[Start of section]
(* Let $(V_1,\dots,V_n)$ be an $n$-tuple of doubly non-commuting isometries on $H$, let $A=\{i_1,\dots,i_l\}\subseteq\{1,\dots,n\}$ ($l$ distinct indices, possibly $l=0$) with $A^c=\{j_1,\dots,j_{n-l}\}$, and let $W_A=\bigcap_{m_{j_1},\dots,m_{j_{n-l}}\ge0}V_{j_1}^{m_{j_1}}\cdots V_{j_{n-l}}^{m_{j_{n-l}}}\big(\bigcap_{i\in A}\ker V_i^*\big)$ (for $A=\emptyset$ read $\bigcap_{i\in A}\ker V_i^*$ as $H$; for $A=\{1,\dots,n\}$, $W_A=\bigcap_{i=1}^n\ker V_i^*$). Then $W_A\subseteq H_A$ and $H_A=\bigoplus_{k_{i_1},\dots,k_{i_l}\ge0}V_{i_1}^{k_{i_1}}\cdots V_{i_l}^{k_{i_l}}(W_A)$ as an orthogonal Hilbert direct sum (for $A=\emptyset$ this reads $H_\emptyset=W_\emptyset$). Furthermore: (1) for every $i\in A^c$, $W_A$ reduces $V_i$ and $V_i|_{W_A}$ is unitary; (2) $(V_i|_{W_A})^*(V_j|_{W_A})=\overline{z_{ij}}(V_j|_{W_A})(V_i|_{W_A})^*$ for all $i\ne j$ in $A^c$; (3) $V_i^*|_{W_A}=0$ for every $i\in A$; (4) for all $r\in\{1,\dots,l\}$ and $k_{i_1},\dots,k_{i_l}\ge0$, $V_{i_r}\big(V_{i_1}^{k_{i_1}}\cdots V_{i_r}^{k_{i_r}}\cdots V_{i_l}^{k_{i_l}}(W_A)\big)=V_{i_1}^{k_{i_1}}\cdots V_{i_r}^{k_{i_r}+1}\cdots V_{i_l}^{k_{i_l}}(W_A)$.
   Context: Fix $n\ge1$ and $z_{ij}\in\mathbb T$ ($i\ne j$) with $z_{ji}=\overline{z_{ij}}$; $(V_1,\dots,V_n)$ is doubly non-commuting if the $V_i$ are isometries on $H$ with $V_i^*V_j=\overline{z_{ij}}V_jV_i^*$ for $i\ne j$. For an isometry $S$: $H^{\mathrm{iso}}(S)=\bigoplus_{k\ge0}S^k(\ker S^* )$, $H^{\mathrm{uni}}(S)=\bigcap_{k\ge0}S^k(H)$. With $P_i^{\mathrm{iso}},P_i^{\mathrm{uni}}$ the (pairwise commuting) projections onto $H^{\mathrm{iso}}(V_i),H^{\mathrm{uni}}(V_i)$, set $H_A=\big(\prod_{i\in A}P_i^{\mathrm{iso}}\prod_{i\in A^c}P_i^{\mathrm{uni}}\big)(H)$, where $A^c$ is the complement in $\{1,\dots,n\}$ and empty products are the identity. Subspaces are closed. *)

theory Defs
  imports "HOL-Analysis.Analysis"
begin

class complex_inner = real_normed_vector +
  fixes scaleC :: "complex \<Rightarrow> 'a \<Rightarrow> 'a" (infixr "*\<^sub>C" 75)
    and cinner :: "'a \<Rightarrow> 'a \<Rightarrow> complex"
  assumes scaleC_add_right: "a *\<^sub>C (x + y) = a *\<^sub>C x + a *\<^sub>C y"
    and scaleC_add_left: "(a + b) *\<^sub>C x = a *\<^sub>C x + b *\<^sub>C x"
    and scaleC_scaleC: "a *\<^sub>C (b *\<^sub>C x) = (a * b) *\<^sub>C x"
    and scaleC_one: "1 *\<^sub>C x = x"
    and scaleR_scaleC: "scaleR r x = complex_of_real r *\<^sub>C x"
    and cinner_add_right: "cinner x (y + z) = cinner x y + cinner x z"
    and cinner_scaleC_right: "cinner x (a *\<^sub>C y) = a * cinner x y"
    and cinner_commute: "cinner y x = cnj (cinner x y)"
    and norm_eq_sqrt_cinner: "norm x = sqrt (Re (cinner x x))"

class chilbert_space = complex_inner + complete_space

definition csubspace :: "'a::complex_inner set \<Rightarrow> bool" where
  "csubspace S \<longleftrightarrow> 0 \<in> S \<and> (\<forall>x\<in>S. \<forall>y\<in>S. x + y \<in> S) \<and> (\<forall>a. \<forall>x\<in>S. a *\<^sub>C x \<in> S)"

definition cspan :: "'a::complex_inner set \<Rightarrow> 'a set" where
  "cspan S = \<Inter> {T. csubspace T \<and> S \<subseteq> T}"

definition ccspan :: "'a::complex_inner set \<Rightarrow> 'a set" where
  "ccspan S = closure (cspan S)"

definition corthogonal :: "'a::complex_inner set \<Rightarrow> 'a set \<Rightarrow> bool" where
  "corthogonal M N \<longleftrightarrow> (\<forall>x\<in>M. \<forall>y\<in>N. cinner x y = 0)"

definition bounded_clinear :: "('a::complex_inner \<Rightarrow> 'a) \<Rightarrow> bool" where
  "bounded_clinear T \<longleftrightarrow> (\<forall>x y. T (x + y) = T x + T y) \<and> (\<forall>a x. T (a *\<^sub>C x) = a *\<^sub>C T x)
     \<and> (\<exists>K. \<forall>x. norm (T x) \<le> norm x * K)"

definition is_adjoint :: "('a::complex_inner \<Rightarrow> 'a) \<Rightarrow> ('a \<Rightarrow> 'a) \<Rightarrow> bool" where
  "is_adjoint T S \<longleftrightarrow> (\<forall>x y. cinner (T x) y = cinner x (S y))"

text \<open>S is the adjoint of the restriction of T to the subspace W (regarded as an operator on W).\<close>
definition is_adjoint_on :: "'a::complex_inner set \<Rightarrow> ('a \<Rightarrow> 'a) \<Rightarrow> ('a \<Rightarrow> 'a) \<Rightarrow> bool" where
  "is_adjoint_on W T S \<longleftrightarrow> (\<forall>x\<in>W. S x \<in> W) \<and> (\<forall>x\<in>W. \<forall>y\<in>W. cinner (T x) y = cinner x (S y))"

definition isometry :: "('a::complex_inner \<Rightarrow> 'a) \<Rightarrow> bool" where
  "isometry V \<longleftrightarrow> bounded_clinear V \<and> (\<forall>x. norm (V x) = norm x)"

definition ker :: "('a::complex_inner \<Rightarrow> 'a) \<Rightarrow> 'a set" where
  "ker T = {x. T x = 0}"

text \<open>H_iso(S) = orthogonal direct sum of S^k(ker S^*), i.e. the closed span of these (mutually
  orthogonal) subspaces; H_uni(S) = intersection of the ranges of S^k.\<close>
definition H_iso :: "('a::complex_inner \<Rightarrow> 'a) \<Rightarrow> ('a \<Rightarrow> 'a) \<Rightarrow> 'a set" where
  "H_iso S Ss = ccspan (\<Union>k. (S ^^ k) ` ker Ss)"

definition H_uni :: "('a::complex_inner \<Rightarrow> 'a) \<Rightarrow> 'a set" where
  "H_uni S = (\<Inter>k. range (S ^^ k))"

definition orth_proj :: "'a::complex_inner set \<Rightarrow> 'a \<Rightarrow> 'a" where
  "orth_proj M x = (THE y. y \<in> M \<and> (\<forall>m\<in>M. cinner m (x - y) = 0))"

text \<open>H_A = (prod_{i in A} P_i^iso prod_{i in A^c} P_i^uni)(H), the product taken over
  the indices 1..n in increasing order (the projections commute).\<close>
definition H_A :: "nat \<Rightarrow> (nat \<Rightarrow> 'a::complex_inner \<Rightarrow> 'a) \<Rightarrow> (nat \<Rightarrow> 'a \<Rightarrow> 'a) \<Rightarrow> nat set \<Rightarrow> 'a set" where
  "H_A n V Vs A = range (foldr (\<circ>)
      (map (\<lambda>i. if i \<in> A then orth_proj (H_iso (V i) (Vs i)) else orth_proj (H_uni (V i))) [1..<Suc n])
      id)"

text \<open>Monomial V_{i_1}^{k_{i_1}} ... V_{i_l}^{k_{i_l}} along the list of indices is = [i_1,...,i_l]
  (exponent of V_i is k i).\<close>
definition vmon :: "(nat \<Rightarrow> 'a \<Rightarrow> 'a) \<Rightarrow> nat list \<Rightarrow> (nat \<Rightarrow> nat) \<Rightarrow> 'a \<Rightarrow> 'a" where
  "vmon V is k = foldr (\<lambda>i f. (V i ^^ k i) \<circ> f) is id"

definition doubly_noncommuting ::
  "nat \<Rightarrow> (nat \<Rightarrow> nat \<Rightarrow> complex) \<Rightarrow> (nat \<Rightarrow> 'a::complex_inner \<Rightarrow> 'a) \<Rightarrow> (nat \<Rightarrow> 'a \<Rightarrow> 'a) \<Rightarrow> bool" where
  "doubly_noncommuting n z V Vs \<longleftrightarrow>
     (\<forall>i\<in>{1..n}. isometry (V i) \<and> is_adjoint (V i) (Vs i)) \<and>
     (\<forall>i\<in>{1..n}. \<forall>j\<in>{1..n}. i \<noteq> j \<longrightarrow>
        norm (z i j) = 1 \<and> z j i = cnj (z i j) \<and>
        (\<forall>x. Vs i (V j x) = cnj (z i j) *\<^sub>C V j (Vs i x)))"

text \<open>W_A for A enumerated by the list is and A^c by the list js.\<close>
definition W_A :: "(nat \<Rightarrow> 'a::complex_inner \<Rightarrow> 'a) \<Rightarrow> (nat \<Rightarrow> 'a \<Rightarrow> 'a) \<Rightarrow> nat list \<Rightarrow> nat list \<Rightarrow> 'a set" where
  "W_A V Vs is js = (\<Inter>m. vmon V js m ` (\<Inter>i\<in>set is. ker (Vs i)))"

end

theory Submission
  imports Defs
begin

(* Any two of the operators V_i, V_i^*, V_j, V_j^* (i /= j) commute up to a unimodular scalar,
   so every Wold piece H_iso(V_i), H_uni(V_i) and every kernel of V_i^* reduces V_j for j /= i.
   Hence H_A, the range of the product of the commuting Wold projections, is the intersection of
   the pieces, and W_A is the set of vectors killed by V_i^* for i in A and lying in the unitary
   part of V_j for j outside A. A vector of H_A is the sum of its Wold series
   sum_k V_i^k (I - V_i V_i^* ) (V_i^* )^k x; expanding along the indices of A one at a time puts it
   in the closed span of the monomials applied to W_A. Two monomials with different exponents of
   some V_i are orthogonal because V_i^* W_A = 0 and V_i is an isometry. *)

section \<open>Inner products and bounded operators\<close>

lemma scaleC_zero_right [simp]: "a *\<^sub>C (0::'a::complex_inner) = 0"
  by (metis add_cancel_right_right scaleC_add_right)

lemma scaleC_minus_one: "(-1) *\<^sub>C (x::'a::complex_inner) = - x"
  by (metis of_real_1 of_real_minus scaleR_minus1_left scaleR_scaleC)

lemma cinner_add_left: "cinner ((x::'a::complex_inner) + y) z = cinner x z + cinner y z"
  by (metis cinner_add_right cinner_commute complex_cnj_add)

lemma cinner_scaleC_left: "cinner (a *\<^sub>C (x::'a::complex_inner)) y = cnj a * cinner x y"
  by (metis cinner_scaleC_right cinner_commute complex_cnj_mult complex_cnj_cnj)

lemma cinner_zero_right [simp]: "cinner (x::'a::complex_inner) 0 = 0"
  by (metis add_cancel_right_right add_0 cinner_add_right)

lemma cinner_zero_left [simp]: "cinner 0 (x::'a::complex_inner) = 0"
  by (metis cinner_commute cinner_zero_right complex_cnj_zero)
[End of section]
WORK ORDER >>
After locating the line holding "(* Any two of" above, output exactly that line and every line after it through the line holding "((x::'a::complex_inner) + y)". Include nothing else.

YOUR RESPONSE >>
(* Any two of the operators V_i, V_i^*, V_j, V_j^* (i /= j) commute up to a unimodular scalar,
   so every Wold piece H_iso(V_i), H_uni(V_i) and every kernel of V_i^* reduces V_j for j /= i.
   Hence H_A, the range of the product of the commuting Wold projections, is the intersection of
   the pieces, and W_A is the set of vectors killed by V_i^* for i in A and lying in the unitary
   part of V_j for j outside A. A vector of H_A is the sum of its Wold series
   sum_k V_i^k (I - V_i V_i^* ) (V_i^* )^k x; expanding along the indices of A one at a time puts it
   in the closed span of the monomials applied to W_A. Two monomials with different exponents of
   some V_i are orthogonal because V_i^* W_A = 0 and V_i is an isometry. *)

section \<open>Inner products and bounded operators\<close>

lemma scaleC_zero_right [simp]: "a *\<^sub>C (0::'a::complex_inner) = 0"
  by (metis add_cancel_right_right scaleC_add_right)

lemma scaleC_minus_one: "(-1) *\<^sub>C (x::'a::complex_inner) = - x"
  by (metis of_real_1 of_real_minus scaleR_minus1_left scaleR_scaleC)

lemma cinner_add_left: "cinner ((x::'a::complex_inner) + y) z = cinner x z + cinner y z"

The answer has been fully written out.